TASK BRIEF >>
From the line with "w p t \<longleftrightarrow>" through the line with "w) = length", inclusive, return each line of the data below exactly and leave the rest out.

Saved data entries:

=== Section Start ===

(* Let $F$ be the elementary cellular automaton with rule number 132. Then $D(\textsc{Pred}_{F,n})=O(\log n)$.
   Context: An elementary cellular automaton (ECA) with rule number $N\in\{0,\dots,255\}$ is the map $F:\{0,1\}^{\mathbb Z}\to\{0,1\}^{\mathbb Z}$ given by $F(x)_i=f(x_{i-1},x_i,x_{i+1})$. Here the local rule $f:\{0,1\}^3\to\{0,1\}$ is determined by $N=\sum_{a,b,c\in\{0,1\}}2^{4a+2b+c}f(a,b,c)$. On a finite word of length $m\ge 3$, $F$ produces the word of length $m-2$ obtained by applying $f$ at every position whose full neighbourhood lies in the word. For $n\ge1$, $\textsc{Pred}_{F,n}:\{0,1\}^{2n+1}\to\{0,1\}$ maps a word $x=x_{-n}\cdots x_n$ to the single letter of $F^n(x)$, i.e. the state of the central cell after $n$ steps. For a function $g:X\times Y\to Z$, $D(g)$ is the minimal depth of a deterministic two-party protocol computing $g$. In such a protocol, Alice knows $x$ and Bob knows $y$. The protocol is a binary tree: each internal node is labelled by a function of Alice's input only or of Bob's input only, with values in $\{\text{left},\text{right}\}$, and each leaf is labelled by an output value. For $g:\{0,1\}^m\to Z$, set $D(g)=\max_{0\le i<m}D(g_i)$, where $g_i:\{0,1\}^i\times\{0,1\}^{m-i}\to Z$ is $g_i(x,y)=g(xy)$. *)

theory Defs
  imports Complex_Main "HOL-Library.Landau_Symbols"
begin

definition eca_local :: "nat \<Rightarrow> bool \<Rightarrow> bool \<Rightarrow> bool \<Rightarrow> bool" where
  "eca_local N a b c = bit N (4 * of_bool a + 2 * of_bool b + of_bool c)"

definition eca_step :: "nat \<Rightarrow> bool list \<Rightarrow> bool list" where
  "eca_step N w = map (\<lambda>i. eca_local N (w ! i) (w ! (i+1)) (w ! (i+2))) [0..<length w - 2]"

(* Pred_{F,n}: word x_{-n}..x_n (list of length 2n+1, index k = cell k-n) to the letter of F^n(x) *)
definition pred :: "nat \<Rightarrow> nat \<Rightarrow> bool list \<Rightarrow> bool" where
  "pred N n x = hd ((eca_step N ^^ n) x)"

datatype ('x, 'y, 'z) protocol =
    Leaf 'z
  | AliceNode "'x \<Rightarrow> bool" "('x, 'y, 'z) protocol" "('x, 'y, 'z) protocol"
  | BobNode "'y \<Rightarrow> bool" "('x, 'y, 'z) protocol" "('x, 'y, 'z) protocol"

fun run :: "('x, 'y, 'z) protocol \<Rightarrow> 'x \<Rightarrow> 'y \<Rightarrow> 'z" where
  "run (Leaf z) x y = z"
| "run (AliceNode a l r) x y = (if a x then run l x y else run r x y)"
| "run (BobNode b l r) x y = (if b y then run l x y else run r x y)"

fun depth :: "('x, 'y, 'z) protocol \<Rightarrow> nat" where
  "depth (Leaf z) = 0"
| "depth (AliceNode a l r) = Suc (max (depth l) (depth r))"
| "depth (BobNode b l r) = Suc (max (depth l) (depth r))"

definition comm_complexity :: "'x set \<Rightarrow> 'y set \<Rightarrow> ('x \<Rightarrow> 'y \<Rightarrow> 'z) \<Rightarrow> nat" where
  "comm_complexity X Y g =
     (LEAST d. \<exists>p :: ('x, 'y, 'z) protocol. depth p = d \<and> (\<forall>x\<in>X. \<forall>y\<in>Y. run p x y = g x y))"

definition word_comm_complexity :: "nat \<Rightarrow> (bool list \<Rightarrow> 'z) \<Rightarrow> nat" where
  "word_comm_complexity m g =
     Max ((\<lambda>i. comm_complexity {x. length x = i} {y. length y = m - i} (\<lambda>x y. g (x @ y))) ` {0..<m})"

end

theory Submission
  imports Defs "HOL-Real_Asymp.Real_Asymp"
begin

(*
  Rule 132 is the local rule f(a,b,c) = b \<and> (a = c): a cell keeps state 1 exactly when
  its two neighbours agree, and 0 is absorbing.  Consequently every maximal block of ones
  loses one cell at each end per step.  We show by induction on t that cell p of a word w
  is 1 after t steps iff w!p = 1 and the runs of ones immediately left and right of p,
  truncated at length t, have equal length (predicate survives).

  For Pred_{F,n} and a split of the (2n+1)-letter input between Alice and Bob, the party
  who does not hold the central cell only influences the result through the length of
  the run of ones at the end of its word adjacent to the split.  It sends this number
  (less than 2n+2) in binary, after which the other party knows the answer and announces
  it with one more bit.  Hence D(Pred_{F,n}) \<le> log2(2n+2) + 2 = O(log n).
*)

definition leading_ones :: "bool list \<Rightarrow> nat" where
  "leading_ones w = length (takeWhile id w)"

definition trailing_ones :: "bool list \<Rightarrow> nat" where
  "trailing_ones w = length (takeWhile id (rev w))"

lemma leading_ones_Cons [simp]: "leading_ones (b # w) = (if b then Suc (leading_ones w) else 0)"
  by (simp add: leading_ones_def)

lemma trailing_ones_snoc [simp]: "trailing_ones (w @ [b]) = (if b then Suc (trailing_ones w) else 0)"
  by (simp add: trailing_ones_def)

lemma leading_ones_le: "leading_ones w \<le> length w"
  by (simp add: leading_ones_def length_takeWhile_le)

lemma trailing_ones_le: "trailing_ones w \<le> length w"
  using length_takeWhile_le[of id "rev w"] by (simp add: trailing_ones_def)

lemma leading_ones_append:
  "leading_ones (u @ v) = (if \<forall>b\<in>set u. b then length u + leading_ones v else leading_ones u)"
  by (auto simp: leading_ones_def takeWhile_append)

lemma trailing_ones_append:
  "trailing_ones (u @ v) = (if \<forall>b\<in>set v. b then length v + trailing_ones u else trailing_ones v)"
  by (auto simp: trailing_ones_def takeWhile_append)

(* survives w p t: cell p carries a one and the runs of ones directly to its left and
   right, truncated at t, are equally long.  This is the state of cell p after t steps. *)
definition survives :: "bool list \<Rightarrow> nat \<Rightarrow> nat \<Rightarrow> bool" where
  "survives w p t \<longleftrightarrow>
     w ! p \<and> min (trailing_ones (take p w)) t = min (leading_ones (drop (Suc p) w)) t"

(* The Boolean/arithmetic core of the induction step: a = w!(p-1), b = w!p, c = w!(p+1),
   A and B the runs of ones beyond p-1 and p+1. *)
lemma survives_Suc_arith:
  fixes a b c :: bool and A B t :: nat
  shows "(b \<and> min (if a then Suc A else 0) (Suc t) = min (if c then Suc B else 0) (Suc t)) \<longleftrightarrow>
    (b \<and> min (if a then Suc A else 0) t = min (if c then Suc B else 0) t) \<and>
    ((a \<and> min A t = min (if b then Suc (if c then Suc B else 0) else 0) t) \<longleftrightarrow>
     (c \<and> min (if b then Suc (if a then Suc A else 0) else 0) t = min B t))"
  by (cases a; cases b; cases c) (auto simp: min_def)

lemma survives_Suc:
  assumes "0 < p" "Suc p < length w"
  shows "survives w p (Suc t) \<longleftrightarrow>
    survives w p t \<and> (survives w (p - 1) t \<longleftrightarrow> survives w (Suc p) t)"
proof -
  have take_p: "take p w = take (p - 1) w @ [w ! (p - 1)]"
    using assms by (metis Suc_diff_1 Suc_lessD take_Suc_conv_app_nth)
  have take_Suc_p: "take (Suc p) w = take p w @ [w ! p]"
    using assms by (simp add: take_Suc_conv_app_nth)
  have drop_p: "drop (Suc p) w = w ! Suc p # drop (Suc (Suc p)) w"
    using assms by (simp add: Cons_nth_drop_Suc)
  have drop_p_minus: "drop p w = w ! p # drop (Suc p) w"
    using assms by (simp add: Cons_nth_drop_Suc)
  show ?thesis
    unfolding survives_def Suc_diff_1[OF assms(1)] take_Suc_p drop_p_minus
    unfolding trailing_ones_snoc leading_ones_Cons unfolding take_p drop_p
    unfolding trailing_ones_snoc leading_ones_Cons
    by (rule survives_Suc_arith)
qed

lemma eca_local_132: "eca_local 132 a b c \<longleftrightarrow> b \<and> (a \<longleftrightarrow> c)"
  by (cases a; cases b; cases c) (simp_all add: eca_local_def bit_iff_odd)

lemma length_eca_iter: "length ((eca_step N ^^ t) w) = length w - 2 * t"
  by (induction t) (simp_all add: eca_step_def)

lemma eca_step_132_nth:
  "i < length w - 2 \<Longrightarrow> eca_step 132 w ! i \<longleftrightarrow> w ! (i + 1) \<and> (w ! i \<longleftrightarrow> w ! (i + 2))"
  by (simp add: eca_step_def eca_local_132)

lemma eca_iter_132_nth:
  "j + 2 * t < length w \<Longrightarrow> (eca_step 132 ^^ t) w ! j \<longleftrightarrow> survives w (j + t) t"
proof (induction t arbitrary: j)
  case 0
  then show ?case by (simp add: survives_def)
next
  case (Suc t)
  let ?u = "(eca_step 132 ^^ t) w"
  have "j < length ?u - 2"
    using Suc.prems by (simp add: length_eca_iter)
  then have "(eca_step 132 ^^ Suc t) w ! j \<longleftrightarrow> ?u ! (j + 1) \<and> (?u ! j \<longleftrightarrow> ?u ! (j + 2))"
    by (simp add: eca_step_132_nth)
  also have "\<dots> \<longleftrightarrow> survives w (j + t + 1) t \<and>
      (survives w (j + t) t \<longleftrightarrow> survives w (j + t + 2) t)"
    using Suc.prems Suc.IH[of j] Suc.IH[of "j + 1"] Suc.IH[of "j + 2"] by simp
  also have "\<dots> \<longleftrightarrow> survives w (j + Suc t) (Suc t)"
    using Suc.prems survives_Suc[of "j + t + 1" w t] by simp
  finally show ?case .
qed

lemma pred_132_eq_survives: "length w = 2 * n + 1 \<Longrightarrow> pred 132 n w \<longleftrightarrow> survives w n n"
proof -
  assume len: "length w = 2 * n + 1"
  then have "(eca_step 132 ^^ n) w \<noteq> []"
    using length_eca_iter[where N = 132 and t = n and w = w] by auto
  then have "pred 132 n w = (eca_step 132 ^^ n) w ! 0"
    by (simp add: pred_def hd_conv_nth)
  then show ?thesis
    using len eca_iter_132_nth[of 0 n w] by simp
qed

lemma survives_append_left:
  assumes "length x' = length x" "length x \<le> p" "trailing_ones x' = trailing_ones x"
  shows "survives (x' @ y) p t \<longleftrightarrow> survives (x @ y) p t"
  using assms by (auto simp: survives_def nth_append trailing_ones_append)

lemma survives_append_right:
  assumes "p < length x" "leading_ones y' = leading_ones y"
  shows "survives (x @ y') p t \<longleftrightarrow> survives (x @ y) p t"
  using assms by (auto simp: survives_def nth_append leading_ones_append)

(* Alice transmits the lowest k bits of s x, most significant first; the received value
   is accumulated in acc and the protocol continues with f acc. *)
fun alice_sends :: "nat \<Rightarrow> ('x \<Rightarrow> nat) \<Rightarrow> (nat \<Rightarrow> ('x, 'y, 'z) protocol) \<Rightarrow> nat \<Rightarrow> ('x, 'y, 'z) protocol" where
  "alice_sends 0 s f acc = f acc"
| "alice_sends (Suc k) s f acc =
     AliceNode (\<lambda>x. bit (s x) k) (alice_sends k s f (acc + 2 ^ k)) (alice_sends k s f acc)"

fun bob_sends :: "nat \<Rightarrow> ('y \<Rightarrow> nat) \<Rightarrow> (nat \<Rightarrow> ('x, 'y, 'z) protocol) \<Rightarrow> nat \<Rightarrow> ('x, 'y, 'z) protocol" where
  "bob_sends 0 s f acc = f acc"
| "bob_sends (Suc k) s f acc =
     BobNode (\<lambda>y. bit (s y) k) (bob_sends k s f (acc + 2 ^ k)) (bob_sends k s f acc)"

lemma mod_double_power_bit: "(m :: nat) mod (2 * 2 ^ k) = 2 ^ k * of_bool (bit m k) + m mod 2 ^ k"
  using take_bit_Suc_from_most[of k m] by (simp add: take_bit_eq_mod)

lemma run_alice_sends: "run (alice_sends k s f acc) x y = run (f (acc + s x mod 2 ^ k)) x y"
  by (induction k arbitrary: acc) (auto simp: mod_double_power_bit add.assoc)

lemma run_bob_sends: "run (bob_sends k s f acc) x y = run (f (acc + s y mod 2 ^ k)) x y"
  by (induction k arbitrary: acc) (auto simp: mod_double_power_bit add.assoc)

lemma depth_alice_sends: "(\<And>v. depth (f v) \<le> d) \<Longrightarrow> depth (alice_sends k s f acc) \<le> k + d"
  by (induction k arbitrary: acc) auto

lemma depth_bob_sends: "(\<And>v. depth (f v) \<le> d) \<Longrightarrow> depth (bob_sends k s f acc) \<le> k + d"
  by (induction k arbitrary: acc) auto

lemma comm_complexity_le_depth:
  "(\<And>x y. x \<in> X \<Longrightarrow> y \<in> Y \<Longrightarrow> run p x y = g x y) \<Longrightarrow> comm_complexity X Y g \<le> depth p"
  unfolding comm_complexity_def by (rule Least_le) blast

=== Section End ===

ANSWER FOR THIS EXERCISE >>
  "survives w p t \<longleftrightarrow>
     w ! p \<and> min (trailing_ones (take p w)) t = min (leading_ones (drop (Suc p) w)) t"

(* The Boolean/arithmetic core of the induction step: a = w!(p-1), b = w!p, c = w!(p+1),
   A and B the runs of ones beyond p-1 and p+1. *)
lemma survives_Suc_arith:
  fixes a b c :: bool and A B t :: nat
  shows "(b \<and> min (if a then Suc A else 0) (Suc t) = min (if c then Suc B else 0) (Suc t)) \<longleftrightarrow>
    (b \<and> min (if a then Suc A else 0) t = min (if c then Suc B else 0) t) \<and>
    ((a \<and> min A t = min (if b then Suc (if c then Suc B else 0) else 0) t) \<longleftrightarrow>
     (c \<and> min (if b then Suc (if a then Suc A else 0) else 0) t = min B t))"
  by (cases a; cases b; cases c) (auto simp: min_def)

lemma survives_Suc:
  assumes "0 < p" "Suc p < length w"
  shows "survives w p (Suc t) \<longleftrightarrow>
    survives w p t \<and> (survives w (p - 1) t \<longleftrightarrow> survives w (Suc p) t)"
proof -
  have take_p: "take p w = take (p - 1) w @ [w ! (p - 1)]"
    using assms by (metis Suc_diff_1 Suc_lessD take_Suc_conv_app_nth)
  have take_Suc_p: "take (Suc p) w = take p w @ [w ! p]"
    using assms by (simp add: take_Suc_conv_app_nth)
  have drop_p: "drop (Suc p) w = w ! Suc p # drop (Suc (Suc p)) w"
    using assms by (simp add: Cons_nth_drop_Suc)
  have drop_p_minus: "drop p w = w ! p # drop (Suc p) w"
    using assms by (simp add: Cons_nth_drop_Suc)
  show ?thesis
    unfolding survives_def Suc_diff_1[OF assms(1)] take_Suc_p drop_p_minus
    unfolding trailing_ones_snoc leading_ones_Cons unfolding take_p drop_p
    unfolding trailing_ones_snoc leading_ones_Cons
    by (rule survives_Suc_arith)
qed

lemma eca_local_132: "eca_local 132 a b c \<longleftrightarrow> b \<and> (a \<longleftrightarrow> c)"
  by (cases a; cases b; cases c) (simp_all add: eca_local_def bit_iff_odd)

lemma length_eca_iter: "length ((eca_step N ^^ t) w) = length w - 2 * t"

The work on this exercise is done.